The Securities and Exchange Board of India (Sebi) has proposed a relaxation of value chain disclosures as part of Environment, Social, and Governance (ESG) norms for listed entities. This has come as a big relief for corporates as it will give them time to work with their value chain partners to meet the norms.
On May 22, Sebi came out with a consultation paper inviting comments on the recommendations of the Expert Committee for Facilitating Ease of Doing Business to BRSR.
The move is seen as an effort to strike a balance between promoting business sustainability reporting and easing the compliance burden on business by making the process less burdensome while maintaining transparency and accountability.
Ajay Tyagi, former Sebi chief, says the proposed relaxation of ESG disclosures will lighten the burden on corporates concerning value chain reporting.
“Initially, Sebi had mandated that firms comply and explain and now the proposed dilution makes it voluntary for one more year. That will give big companies time to educate their suppliers of the requirement. That (value chain disclosures) has to be done over a period and Scope 3 data has to be captured sooner or later in a phased manner,” said Tyagi.

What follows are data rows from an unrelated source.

lemma bounded_module_hom_matrix_unit_at_zero:
  fixes \<omega> :: "'g::group_add \<Rightarrow> real"
  assumes w: "weight \<omega>" and \<phi>: "bounded_module_hom \<omega> \<phi>" and "infinite (UNIV :: 'g set)"
  shows "\<phi> (matrix_unit s t) 0 = 0"
proof -
  define \<nu> where "\<nu> A = \<phi> (rank_one s (shift_sum \<omega> t A))" for A
  obtain K where K: "K \<ge> 0" "\<And>T g. Bop T \<Longrightarrow> norm (\<phi> T g) \<le> K * opnorm T"
    using bounded_module_hom_bounded[OF \<phi>] by metis
  have "\<nu> {h} h = \<phi> (matrix_unit s t) 0" for h
  proof -
    have "act_B \<omega> (delta h) (rank_one s (shift_sum \<omega> t {h})) = matrix_unit s t"
      unfolding act_B_delta_rank_one[OF w] matrix_unit_def
      by (rule rank_one_cong) (rule shift_sum_conv_delta[OF w])
    moreover have "\<phi> (act_B \<omega> (delta h) (rank_one s (shift_sum \<omega> t {h}))) = act_c0 \<omega> (delta h) (\<nu> {h})"
      unfolding \<nu>_def by (rule bounded_module_hom_act[OF \<phi> l1_delta Bop_rank_one_shift_sum[OF w]])
    ultimately have "\<phi> (matrix_unit s t) = act_c0 \<omega> (delta h) (\<nu> {h})" by simp
    then show ?thesis by (simp add: act_c0_delta_at_zero[OF w])
  qed
  then show ?thesis
  proof (rule gliding_hump_c0[OF assms(3), of \<nu>, rotated -1])
    fix A B :: "'g set" and x assume "A \<inter> B = {}"
    then have "rank_one s (shift_sum \<omega> t (A \<union> B))
        = (\<lambda>a x. rank_one s (shift_sum \<omega> t A) a x + rank_one s (shift_sum \<omega> t B) a x)"
      unfolding rank_one_add[symmetric] by (intro rank_one_cong shift_sum_Un[OF w])
    then show "\<nu> (A \<union> B) x = \<nu> A x + \<nu> B x"
      unfolding \<nu>_def
      by (simp add: bounded_module_hom_add[OF \<phi> Bop_rank_one_shift_sum[OF w] Bop_rank_one_shift_sum[OF w]])
  next
    fix A x
    show "norm (\<nu> A x) \<le> K * (\<omega> t * \<omega> (- t))"
      unfolding \<nu>_def
      using K(2)[OF Bop_rank_one_shift_sum[OF w]] opnorm_rank_one_shift_sum_le[OF w] K(1)
      by (meson mult_left_mono order_trans)
  next
    show "c0 (\<nu> A)" for A
      unfolding \<nu>_def by (rule bounded_module_hom_c0[OF \<phi> Bop_rank_one_shift_sum[OF w]])
  qed
qed
lemma Rev_highest_loser:
  assumes nonneg: "\<forall>i<n. 0 \<le> v i"
  shows "Rev s n r v =
    (\<Sum>i\<in>served s n r v. max (r i) (highest_value v (remaining n r v - served s n r v)))"
proof (cases "remaining n r v = {}")
  case True
  hence "served s n r v = {}" using served_spec(1) by blast
  thus ?thesis using True unfolding Rev_def by simp
next
  case False
  have nonneg': "\<forall>i\<in>remaining n r v. 0 \<le> v i" using nonneg unfolding remaining_def by auto
  have "vcg_pay s n r v i = highest_value v (remaining n r v - served s n r v)"
    if "i \<in> served s n r v" for i
    using opt_welfare_remove_le[OF finite_remaining served_spec that nonneg']
      opt_welfare_remove_ge[OF finite_remaining served_spec that]
    unfolding vcg_pay_def by linarith
  thus ?thesis unfolding Rev_def using False by (auto intro!: sum.cong)
qed

lemma highest_loser_le_served:
  assumes nonneg: "\<forall>i<n. 0 \<le> v i" and k: "k \<in> served s n r v"
  shows "highest_value v (remaining n r v - served s n r v) \<le> v k"
proof (rule highest_value_le)
  show "finite (remaining n r v - served s n r v)" using finite_remaining by auto
  show "0 \<le> v k" using nonneg k served_spec(1)[of s n r v] unfolding remaining_def by auto
  show "v j \<le> v k" if "j \<in> remaining n r v - served s n r v" for j
    using served_dominates[OF nonneg k that] .
qed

As per Sebi's July 2023 notification, ESG disclosures for the value chain shall apply to the Top 250 listed entities on a comply-or-explain basis from FY25 under the BRSR Core framework.
The value chain of listed entities will be reported under nine ESG attributes/key performance indicators (KPIs). For instance, companies must provide assurances such as on greenhouse gas (GHG) emissions, wage parity among genders, job creation and business openness among others.
For corporates, getting data from the major value chain partners was a difficult task.
Himanshu Arora, Senior Manager, Sustainable Communication, IOCL, says that the company has many vendors and it is a mammoth task.
“For big companies, it becomes difficult to change the system too fast as part of the requirement and it is a tough and big task,” tells Arora.
The Sebi also proposes to redefine value chain partners. “Value chain shall encompass the upstream and downstream partners of a listed entity, individually comprising 2% or more of the listed entity’s purchases/sales (by value) respectively, and cumulatively comprising at least 75% of the listed entity’s purchases/sales (by value), respectively.”
Providing the rationale behind it, the paper said: “This shall bring down the maximum possible number of upstream/downstream value chain partners from 50 (in case of 2% threshold) to 38 (in case of 2% threshold with cut-off of 75%), hence enabling additional ease of doing business while still ensuring coverage of key value chain partners.”
Sankar Chakraborti, Chairman ESGrisk.ai and Group CEO, Acuité, says that this initiative aligns with the FY24 Union Budget's goal of simplifying regulations, reducing compliance costs, and considering public and industry suggestions.
“The change in the definition of value chain partners reduces the possible number of upstream/downstream value chain partners, enabling additional ease of doing business while still assuring a comprehensive coverage of key value chain partners. Additionally, there is a shift from comply or explain to a voluntary disclosure approach for ESG data,” Chakraborti tells Business Today.
Sebi also proposes introducing Green Credits as a leadership indicator that aligns BRSR with current environmental policies, encouraging companies to track and disclose their environmental impact more comprehensively.
“For FY24 disclosures, companies can choose between assessment or reasonable assurance for BRSR Core disclosures while from FY25 onwards, the assessment will replace assurance which exemplifies flexibility and can prove to be a cost-effective step while meeting the expectations of investors,” adds Chakraborti.
The Top 150 listed companies were to provide assurance on BRSR Core starting FY24, which was extended to 250 listed from FY25 onwards. By FY27 the Top 1,000 firms will be covered under the framework.